A 10-minute introduction to XQuery

Michael Kay’s Learn XQuery in 10 Minutes tutorial will take you more than 10 minutes, but it’s a great longer introduction and resource for reference. Kay describes XQuery as:

… a query language for data stored in XML form. So its main role is to get information out of XML databases—this includes relational databases that store XML data, or that present an XML view of the data they hold.

Unlike XSLT, which is a programming language for transforming XML documents, XQuery is not written in XML and it uses more of an imperative (step-by-step) processing model than XSLT. For these reasons, new users may find it more intuitive (if you’ve ever worked with SQL, a language for interacting with relationship databases, you’ll find XQuery very similar) and easier to write than XSLT. Because we typically use XQuery to engage with an XML database, it allows us to query many documents at a time, and to create dynamic HTML output, which responds to user-specified paramaters. Don’t let learning XQuery turn you away from using XSLT; although they may overlap for many uses, there are situations where XSLT may be simpler, and more appropriate, than XQuery.

We will explore XQuery inside eXist-db, an open-source XML database and XQuery engine. You can read about eXist-db at their homepage and click on the “Download eXistdb” button to scroll to a link where you can download the most recent stable release.

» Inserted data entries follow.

(* In the hierarchical partition construction described in the context, let $S\in\mathcal S_j$ be a child of $S^*\in\mathcal S_{j+1}$ and suppose $S$ knows $S'\in\mathcal S_j$. Then either $S'\subseteq S^*$, or $S^*$ knows the parent of $S'$ (the unique set of $\mathcal S_{j+1}$ containing $S'$).
   Context: Let $(V,d)$ be a finite metric space with $|V|\ge 2$ which is doubling with constant $\lambda$: for every $v\in V$ and $r>0$ the open ball $B_{2r}(v)=\{u:d(u,v)<2r\}$ is contained in the union of at most $\lambda$ open balls $B_r(w)$, $w\in V$. Fix an integer $\eta\ge2$ and a real $\tau$ with $1+\frac{1}{2^{\eta-1}-1}\le\tau\le 2^{\eta}$. For $L\subseteq V$ and $r>0$, a greedy partition of $L$ with parameter $r$ is obtained by: set $L_0=L$; while $L_i\ne\emptyset$ choose any $v_i\in L_i$, let $P_i=\{u\in L_i: d(u,v_i)<2^{-\eta-1}r\}$ with leader $v_i$, and set $L_{i+1}=L_i\setminus P_i$. Hierarchical partition construction: choose $r_0$ with $0<r_0<\min_{u\ne v}d(u,v)$ and put $r_j=\tau^j r_0$. Let $\mathcal S_0=\{\{v\}:v\in V\}$, the leader of $\{v\}$ being $v$. While $\mathcal S_j$ has more than one element: let $L_j$ be the set of leaders of the sets in $\mathcal S_j$, let $\mathcal S'_{j+1}$ be a greedy partition of $L_j$ with parameter $2r_{j+1}$, and let $\mathcal S_{j+1}$ consist, for each $P\in\mathcal S'_{j+1}$, of the set $\bigcup\{S\in\mathcal S_j:\mathrm{leader}(S)\in P\}$, whose leader is defined to be the leader of $P$. Each $\mathcal S_j$ is a partition of $V$ refined by $\mathcal S_{j}$ of the previous level; $S\in\mathcal S_j$ is a child of $S^*\in\mathcal S_{j+1}$ if $S\subseteq S^*$ ($S^*$ is then its parent). For $S,S'\in\mathcal S_j$, $S$ knows $S'$ (at level $j$) if there are $v\in S$, $u\in S'$ with $d(v,u)<r_j$. *)

theory Defs
  imports Complex_Main
begin

definition finite_metric :: "'a set \<Rightarrow> ('a \<Rightarrow> 'a \<Rightarrow> real) \<Rightarrow> bool" where
  "finite_metric V d \<longleftrightarrow> finite V \<and>
     (\<forall>u\<in>V. \<forall>v\<in>V. d u v = 0 \<longleftrightarrow> u = v) \<and>
     (\<forall>u\<in>V. \<forall>v\<in>V. d u v = d v u) \<and>
     (\<forall>u\<in>V. \<forall>v\<in>V. \<forall>w\<in>V. d u w \<le> d u v + d v w)"

definition oball :: "'a set \<Rightarrow> ('a \<Rightarrow> 'a \<Rightarrow> real) \<Rightarrow> 'a \<Rightarrow> real \<Rightarrow> 'a set" where
  "oball V d v r = {u\<in>V. d u v < r}"

definition doubling :: "'a set \<Rightarrow> ('a \<Rightarrow> 'a \<Rightarrow> real) \<Rightarrow> nat \<Rightarrow> bool" where
  "doubling V d lam \<longleftrightarrow> (\<forall>v\<in>V. \<forall>r>0. \<exists>W. W \<subseteq> V \<and> card W \<le> lam \<and>
       oball V d v (2*r) \<subseteq> (\<Union>w\<in>W. oball V d w r))"

text \<open>Greedy partitions of L with parameter r (and fixed eta): a set of pairs
  (leader, part). All possible runs (choices of leaders) are captured.\<close>
inductive greedy_partition :: "('a \<Rightarrow> 'a \<Rightarrow> real) \<Rightarrow> nat \<Rightarrow> real \<Rightarrow> 'a set \<Rightarrow> ('a \<times> 'a set) set \<Rightarrow> bool"
  for d eta r where
  gp_empty: "greedy_partition d eta r {} {}"
| gp_step: "\<lbrakk> v \<in> L; P = {u\<in>L. d u v < r / 2^(eta+1)};
             greedy_partition d eta r (L - P) Q \<rbrakk>
           \<Longrightarrow> greedy_partition d eta r L (insert (v, P) Q)"

definition next_level :: "('a \<Rightarrow> 'a \<Rightarrow> real) \<Rightarrow> nat \<Rightarrow> real \<Rightarrow> ('a \<times> 'a set) set \<Rightarrow> ('a \<times> 'a set) set \<Rightarrow> bool" where
  "next_level d eta rr S T \<longleftrightarrow> (\<exists>S'. greedy_partition d eta rr (fst ` S) S' \<and>
      T = {(v, \<Union>{X. \<exists>w. (w, X) \<in> S \<and> w \<in> P}) | v P. (v, P) \<in> S'})"

text \<open>S 0, ..., S N is a (prefix of a) run of the hierarchical partition construction
  with r_j = tau^j r0; each level is a set of pairs (leader, set).\<close>
definition hier_run :: "'a set \<Rightarrow> ('a \<Rightarrow> 'a \<Rightarrow> real) \<Rightarrow> nat \<Rightarrow> real \<Rightarrow> real \<Rightarrow> (nat \<Rightarrow> ('a \<times> 'a set) set) \<Rightarrow> nat \<Rightarrow> bool" where
  "hier_run V d eta tau r0 S N \<longleftrightarrow> S 0 = {(v, {v}) | v. v \<in> V} \<and>
     (\<forall>i<N. card (S i) > 1 \<and> next_level d eta (2 * (tau ^ (Suc i) * r0)) (S i) (S (Suc i)))"

definition knows :: "('a \<Rightarrow> 'a \<Rightarrow> real) \<Rightarrow> real \<Rightarrow> 'a set \<Rightarrow> 'a set \<Rightarrow> bool" where
  "knows d r A B \<longleftrightarrow> (\<exists>v\<in>A. \<exists>u\<in>B. d v u < r)"

end

theory Submission
  imports Defs
begin

(* If S knows S' at level j, there are points v in S and u in S'
   with d v u < r_j.  Since S is contained in its parent S* and S' in its parent,
   the same pair witnesses that S* knows the parent of S' at any radius at least
   r_j.  The radii r_j = tau^j r0 are non-decreasing because the lower bound on
   tau forces tau >= 1.  Hence the second alternative of the lemma always holds. *)

lemma knows_mono:
  assumes "knows d r A B" and "A \<subseteq> A'" and "B \<subseteq> B'" and "r \<le> r'"
  shows "knows d r' A' B'"
proof -
  obtain v u where "v \<in> A" "u \<in> B" "d v u < r"
    using assms(1) unfolding knows_def by blast
  with assms(2-4) show ?thesis
    unfolding knows_def by force
qed

text \<open>The lower bound on the ratio tau forces tau \<ge> 1 (the subtracted fraction
  has a nonnegative denominator, since 2^k \<ge> 1).\<close>
lemma ratio_ge_one:
  fixes tau :: real
  assumes "1 + 1 / (2 ^ (eta - 1) - 1) \<le> tau"
  shows "1 \<le> tau"
proof -
  have "(1::real) \<le> 2 ^ (eta - 1)" by simp
  then have "0 \<le> 1 / ((2::real) ^ (eta - 1) - 1)" by simp
  with assms show ?thesis by linarith
qed

lemma radius_step_mono:
  fixes tau r0 :: real
  assumes "1 \<le> tau" and "0 \<le> r0"
  shows "tau ^ j * r0 \<le> tau ^ Suc j * r0"
  using assms by (intro mult_right_mono power_increasing) auto

theorem lemma4:
  fixes V :: "'a set" and d :: "'a \<Rightarrow> 'a \<Rightarrow> real" and lam :: nat
    and eta :: nat and tau r0 :: real
    and S :: "nat \<Rightarrow> ('a \<times> 'a set) set" and N j :: nat
    and a as b bs :: 'a and A As B Bs :: "'a set"
  assumes metric: "finite_metric V d" and card_V: "card V \<ge> 2"
    and dbl: "doubling V d lam"
    and eta: "eta \<ge> 2"
    and tau_lo: "1 + 1 / (2 ^ (eta - 1) - 1) \<le> tau" and tau_hi: "tau \<le> 2 ^ eta"
    and r0_pos: "0 < r0" and r0_min: "\<forall>u\<in>V. \<forall>v\<in>V. u \<noteq> v \<longrightarrow> r0 < d u v"
    and run: "hier_run V d eta tau r0 S N"
    and j: "j < N"
    and SA: "(a, A) \<in> S j" and SAs: "(as, As) \<in> S (Suc j)" and child: "A \<subseteq> As"
    and SB: "(b, B) \<in> S j" and knowsAB: "knows d (tau ^ j * r0) A B"
    and SBs: "(bs, Bs) \<in> S (Suc j)" and parent: "B \<subseteq> Bs"
  shows "B \<subseteq> As \<or> knows d (tau ^ (Suc j) * r0) As Bs"
proof -
  have "tau ^ j * r0 \<le> tau ^ Suc j * r0"
    using radius_step_mono ratio_ge_one[OF tau_lo] r0_pos by simp
  then have "knows d (tau ^ Suc j * r0) As Bs"
    using knows_mono[OF knowsAB child parent] by blast
  then show ?thesis ..
qed

end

eXist-db requires Java SE 1.8, so if you 1) did not have it installed before you arrived at the Institute and 2) did not install it earlier this week, please do so now: http://www.oracle.com/technetwork/java/javase/downloads/index.html. If you aren’t sure whether you have Java (or the right version of Java) installed, follow the instructions at https://www.java.com/en/download/help/version_manual.xml to check.

We will use eXide, the integrated development environment (IDE) bundled with eXist-db. After you install and launch eXist-db, access eXide by clicking on the eXide icon in your eXist dashboard. If you are running eXist on your own machine with default settings, your dashboard is at http://localhost:8080 and you can launch eXide directly, bypassing the dashboard, at http://localhost:8080/exist/apps/eXide/.

When you install eXist-db on your own machine, you also install all documentation for both the XQuery function library (core XPath and XQuery functions) and eXist-db itself. The default location for the function library documentation on your local machine is http://localhost:8080/exist/apps/fundocs/ (if you’re consulting local documentation for the first time, you’ll be prompted to generate it first). You can also find a copy on the eXist-db demo server on the internet at http://demo.exist-db.org/exist/apps/fundocs/. Indeed, you can access eXide and use interactive tutorials online on the demo server any time you like; that instance of eXide is located at http://demo.exist-db.org/exist/apps/eXide/index.html. eXist-db is often installed on web servers to support XML-based projects online, and if you have access to a web server, you may wish to explore the advanced eXist-db documentation to try installing eXist-db there and learn how to use it to support dynamic searches. For now, though, unless you have permissions to save files on the web installations of eXist-db, you can’t upload and save your own documents there. That is why we recommend installing your own local copy of eXist-db on your machine, so you can practice and experiment with saving and querying your own files.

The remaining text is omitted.